Romero says he never set out to make 'zombie movies'
By Gannett News Service
Friday, February 15, 2008
"I love the dead."
That's the title of one of Alice Cooper's particularly disturbing little ditties from back in the day. But it could also be the slogan of fans of horror movies everywhere, ever since they stepped into theaters in 1968 and had their minds blown by "Night of the Living Dead."
George Romero's classic, about the dead rising with a nasty appetite, continues to inspire spin-offs, homages and rip-offs. Romero himself is back this week with "Diary of the Dead," an indictment of new media that includes plenty of the old blood-and-guts -- and eating of same -- we've come to associate with the modern zombie he introduced with his first, and still best, version.
Whether a stand-in for mindless followers or just plain scary, the zombie is essential, vital and relevant to modern horror, and it shows no signs of fading away. In such films as the "28 Days" series, a loving spoof like "Shaun of the Dead," the recent remake of "I Am Legend" or "Diary," these monsters continue to walk among us, at least in theaters.
What's funny is, the guy who started it all didn't mean to. Not the zombie part, anyway.
"We never even called them zombies" in "Night of the Living Dead," Romero says. "We called them flesh eaters, ghouls. Zombies to me was always, you get a blowfish, dry it out and blow it up somebody's nose and they get in a state of suspended animation."
Of course, what Romero calls them isn't as important as what he makes them do, which is shuffle around aimlessly -- well, they do have one aim, which is to eat people.
"There has to be some kind of threat," Romero says. "It's no fun if they're just walking around selling newspapers."
Romero often sounds like an old-time hippie when he talks, and while he resists assigning any overt political motives to his creatures, to hear him describe what he was going for when he created them certainly suggests echoes of bell-bottoms and peace signs.

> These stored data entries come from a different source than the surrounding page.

definition rec_cone :: "'a::real_vector set \<Rightarrow> 'a set" where
  "rec_cone A = {y. \<forall>x\<in>A. \<forall>l::real. l \<ge> 0 \<longrightarrow> x + l *\<^sub>R y \<in> A}"

definition projY :: "((real^'n) \<times> (real^'m)) set \<Rightarrow> (real^'m) set" where
  "projY S = snd ` S"

definition CP_self_bounded :: "((real^'n) \<times> (real^'m)) set \<Rightarrow> bool" where
  "CP_self_bounded S \<longleftrightarrow> projY S \<noteq> UNIV \<and>
     (\<exists>F. finite F \<and> projY S \<subseteq> msum (convex hull F) (rec_cone (closure (projY S))))"

definition CP_finite_eps_solution ::
    "ereal \<Rightarrow> real \<Rightarrow> ((real^'n) \<times> (real^'m)) set \<Rightarrow> ((real^'n) \<times> (real^'m)) set \<Rightarrow> bool" where
  "CP_finite_eps_solution p e S Sb \<longleftrightarrow> Sb \<noteq> {} \<and> finite Sb \<and> Sb \<subseteq> S \<and>
     projY S \<subseteq> msum (msum (convex hull (snd ` Sb)) (rec_cone (closure (projY S)))) (pball p e)"

(* objective of (MOCP): P(x,y) = (y, -1^T y) in R^(m+1), index None = last coordinate *)
definition Pobj :: "(real^'n) \<times> (real^'m) \<Rightarrow> real^('m option)" where
  "Pobj z = (\<chi> i. case i of Some j \<Rightarrow> snd z $ j | None \<Rightarrow> - (\<Sum>j\<in>UNIV. snd z $ j))"

definition nonneg_orthant :: "(real^'k) set" where
  "nonneg_orthant = {v. \<forall>i. 0 \<le> v $ i}"

definition upper_image :: "((real^'n) \<times> (real^'m)) set \<Rightarrow> (real^('m option)) set" where
  "upper_image S = closure (msum (Pobj ` S) nonneg_orthant)"

definition ones :: "real^'k" where
  "ones = (\<chi> i. 1)"

definition MOCP_finite_eps_solution ::
    "ereal \<Rightarrow> real \<Rightarrow> ((real^'n) \<times> (real^'m)) set \<Rightarrow> ((real^'n) \<times> (real^'m)) set \<Rightarrow> bool" where
  "MOCP_finite_eps_solution p e S Sb \<longleftrightarrow> Sb \<noteq> {} \<and> finite Sb \<and> Sb \<subseteq> S \<and>
     upper_image S \<subseteq> msum (msum (convex hull (Pobj ` Sb)) (rec_cone (upper_image S)))
                          {- (e / pnorm p (ones :: real^('m option))) *\<^sub>R ones}"

definition kappa_low :: "nat \<Rightarrow> ereal \<Rightarrow> real" where
  "kappa_low m p = (if p = \<infinity> then real m
     else real m powr ((real_of_ereal p - 1) / real_of_ereal p) * real (m + 1) powr (1 / real_of_ereal p))"

end

theory Submission
  imports Defs
begin

(* The map L y = (y, -1^T y) is linear, so it carries Y \<subseteq> conv + (cl Y)_\<infinity> + B_\<epsilon> into
   conv P[Sb] + L((cl Y)_\<infinity>) + L(B_\<epsilon>), and both L((cl Y)_\<infinity>) and the nonnegative orthant lie in
   the recession cone of the upper image. For \<parallel>b\<parallel>_p \<le> \<epsilon>, Hoelder's inequality bounds every
   coordinate of -L b, including -(-1^T b) = 1^T b, by \<delta> = m^((p-1)/p) \<epsilon>, so L b + \<delta> 1 is
   nonnegative. Since \<delta> = \<kappa> \<epsilon> / \<parallel>1\<parallel>_p, this proves the inclusion for P[S] + R^(m+1)_+, and
   it passes to the closure because a compact set plus a closed cone is closed. *)

lemma convex_on_powr_nonneg:
  assumes "1 \<le> q"
  shows "convex_on {0..} (\<lambda>x::real. x powr q)"
proof
  fix t x y :: real
  assume t: "0 < t" "t < 1" and xy: "x \<in> {0..}" "y \<in> {0..}"
  have scale: "(s * z) powr q \<le> s * z powr q" if "0 \<le> s" "s \<le> 1" "0 \<le> z" for s z :: real
  proof -
    have "s powr q \<le> s"
      using powr_mono'[of 1 q s] that assms by (cases "s = 0") auto
    then show ?thesis
      using that by (simp add: powr_mult mult_right_mono)
  qed
  show "((1 - t) *\<^sub>R x + t *\<^sub>R y) powr q \<le> (1 - t) * x powr q + t * y powr q"
  proof (cases "x = 0 \<or> y = 0")
    case True
    then show ?thesis
      using scale[of "1 - t" x] scale[of t y] t xy by auto
  next
    case False
    then show ?thesis
      using convex_onD[OF powr_convex[OF assms], of t x y] t xy by auto
  qed
qed simp

lemma sum_le_card_powr_mult_sum_powr:
  fixes a :: "'a \<Rightarrow> real"
  assumes "finite I" "\<And>i. i \<in> I \<Longrightarrow> 0 \<le> a i" "1 \<le> q"
  shows "(\<Sum>i\<in>I. a i) \<le> real (card I) powr ((q - 1) / q) * (\<Sum>i\<in>I. a i powr q) powr (1 / q)"
proof (cases "I = {}")
  case False
  define n where "n = real (card I)"
  define W where "W = (\<Sum>i\<in>I. a i powr q)"
  have n: "n > 0"
    using assms False by (simp add: n_def card_gt_0_iff)
  have S: "0 \<le> (\<Sum>i\<in>I. a i)"
    using assms by (simp add: sum_nonneg)
  have "((\<Sum>i\<in>I. a i) / n) powr q \<le> W / n"
    using convex_on_sum[OF assms(1) False convex_on_powr_nonneg[OF assms(3)],
        of "\<lambda>_. 1 / n" a] n assms(2)
    by (simp add: n_def W_def sum_divide_distrib)
  then have "(\<Sum>i\<in>I. a i) powr q \<le> n powr (q - 1) * W"
    using n S by (simp add: powr_divide powr_diff field_simps)
  then have "((\<Sum>i\<in>I. a i) powr q) powr (1 / q) \<le> (n powr (q - 1) * W) powr (1 / q)"
    using assms(3) by (intro powr_mono2) auto
  moreover have "W \<ge> 0"
    by (simp add: W_def sum_nonneg)
  ultimately show ?thesis
    using n S assms(3) by (simp add: powr_powr powr_mult n_def W_def)
qed simp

"All I wanted was some revolutionary change in the world," he says. "Well, what would be the most revolutionary thing? If they stopped staying dead ...
"They were the walking dead. They're the neighbors. They have some identity. They're us. That's the point I was trying to make -- they're us."
And that's what makes them so darn scary.
"The audience can relate to zombies, in a peculiar way of thinking," says F. Miguel Valenti, the assistant director of the Arizona State University School of Theater and Film. "While most of us cannot really imagine ourselves as vampires, homicidal, mask-wearing maniacs or aliens from other worlds, we have all had days when we felt that shuffling, dragging feeling, that monotony and distrust of other humans that zombies embody.
"How often have we all said, 'I'm brain dead,' or, 'I'm dead tired?' Zombies are the Nth iteration of these feelings, and can often both scare us and make us laugh at ourselves through identification."
So who are they, exactly?
"To me, if the zombies represent anything, they're just sort of the working Joes," Romero says. "They're the people nobody listens to, and then all of a sudden they're too strong."
Note the "if." Romero clearly resists metaphors when dealing with his creatures. He leaves that to others.
"People have defined the zombies," Romero says, even if he hasn't. "In the early days, it was the silent majority. Later it's this (or that). ...The zombies are not the important ones to me. I'm always concerned more with the human characters and how they fail."
Romero also takes pains in his films not to labor over what caused the dead to wake up and wander, hungry.
"It doesn't matter what's causing it," he says. "What matters is that it's there. It's like any other disaster, and people are just failing to respond to it in any effective way. ... You ought to be able to defeat these things. But everyone always winds up being hoisted on their own petard."